Despite reading the same documents, however, the committee and Microsoft reached different conclusions about the company's business practices.

One telling example of the diverging interpretations was apparent in the most recent hearing, in which Microsoft chief executive Bill Gates testified that, "There is nothing that restricts anybody who has content relationships with us from developing sites that exploit" competing browsers, including Netscape Communications' Navigator.

Hatch, however, released a report last month that said Gates's comments "flatly contradicted" DOJ evidence.

Thursday's hearing, dubbed "Competition in the Digital Age: Beyond the Browser Wars," is expected to focus on so-called enterprise computing, including Microsoft's Windows NT, Back Office, and Windows CE. It also is expected to address Microsoft's foray into online content, as well as its Java-related activities. Committee staffers have declined to elaborate or discuss an agenda for the hearing.

Murray said Microsoft will have an observer on hand to issue a response to any new allegations quickly.

The hearing will be only the latest public confrontation between Hatch and Microsoft. Last November, he criticized cross-promotional agreements Microsoft has with Internet service providers forbidding them from telling some new customers that alternatives exist to the Internet Explorer browser. The agreements also allowed Microsoft to terminate the deal if the quota of the ISP's subscribers using Internet Explorer fell below a certain level, 85 percent in some cases.

Microsoft since has revised the deals with some providers, but the exclusive requirements remain in effect with the largest providers, including America Online, CompuServe, and Prodigy. Microsoft said that the contracts were perfectly legal, and that the only reason it changed them was to prevent competitors from mischaracterizing them.

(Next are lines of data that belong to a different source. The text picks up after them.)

lemma ord_of_int_eq_0:
  assumes "\<not> int p dvd b"
  shows "ord (of_int b) = 0"
proof (rule ccontr)
  assume "ord (of_int b) \<noteq> 0"
  then have b_pos: "ord (of_int b :: 'k) > 0" using ord_of_int_nonneg[of b] by simp
  have "coprime (int p) b" using assms prime_p by (intro prime_imp_coprime) auto
  then obtain s t where "s * b + t * int p = 1"
    using bezout_int[of b "int p"] by (auto simp: coprime_iff_gcd_eq_1 gcd.commute)
  then have one: "of_int s * of_int b + of_int t * of_nat p = (1::'k)"
    by (metis of_int_1 of_int_add of_int_mult of_int_of_nat_eq)
  have "min (ord (of_int s * of_int b)) (ord (of_int t * of_nat p)) \<le> ord (1::'k)"
    using ord_add[of "of_int s * of_int b" "of_int t * of_nat p"] unfolding one .
  then have "min (ord (of_int s :: 'k) + ord (of_int b :: 'k)) (ord (of_int t :: 'k) + 1) \<le> 0"
    by (simp only: ord_mult ord_p ord_1)
  moreover have "ord (of_int s :: 'k) + ord (of_int b :: 'k) > 0"
    using ord_of_int_nonneg[of s] b_pos ord_neq_minus_infinity[of "of_int s"]
    by (cases "ord (of_int s :: 'k)"; cases "ord (of_int b :: 'k)") auto
  moreover have "ord (of_int t :: 'k) + 1 > 0"
    using ord_of_int_nonneg[of t] by (cases "ord (of_int t :: 'k)") auto
  ultimately show False by (simp add: min_def split: if_splits)
qed

lemma ord_of_rat_nonneg:
  assumes "p_integral p x"
  shows "0 \<le> ord (of_rat x)"
proof -
  obtain a b where ab: "\<not> int p dvd b" "x = of_int a / of_int b"
    using assms unfolding p_integral_def by blast
  then have "(of_int a :: 'k) = of_rat x * of_int b"
    by (auto simp: of_rat_divide)
  then have "ord (of_int a :: 'k) = ord (of_rat x)"
    using ord_mult ord_of_int_eq_0[OF ab(1)] by simp
  then show ?thesis using ord_of_int_nonneg[of a] by simp
qed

Hatch held a second hearing in early March, in which top executives from Microsoft archrivals Sun Microsystems and Netscape went head-to-head with Gates and his ally, Michael Dell of Dell Computer.

Most of the four-hour hearing focused on Microsoft's marketing of Internet Explorer, which is also at the heart of two lawsuits filed by the Justice Department and 20 states.

More recently, Hatch told a subcommittee investigating consolidation among telecommunications companies that Microsoft's foray into the industry might overshadow concerns about the way the company is positioning itself in the browser market.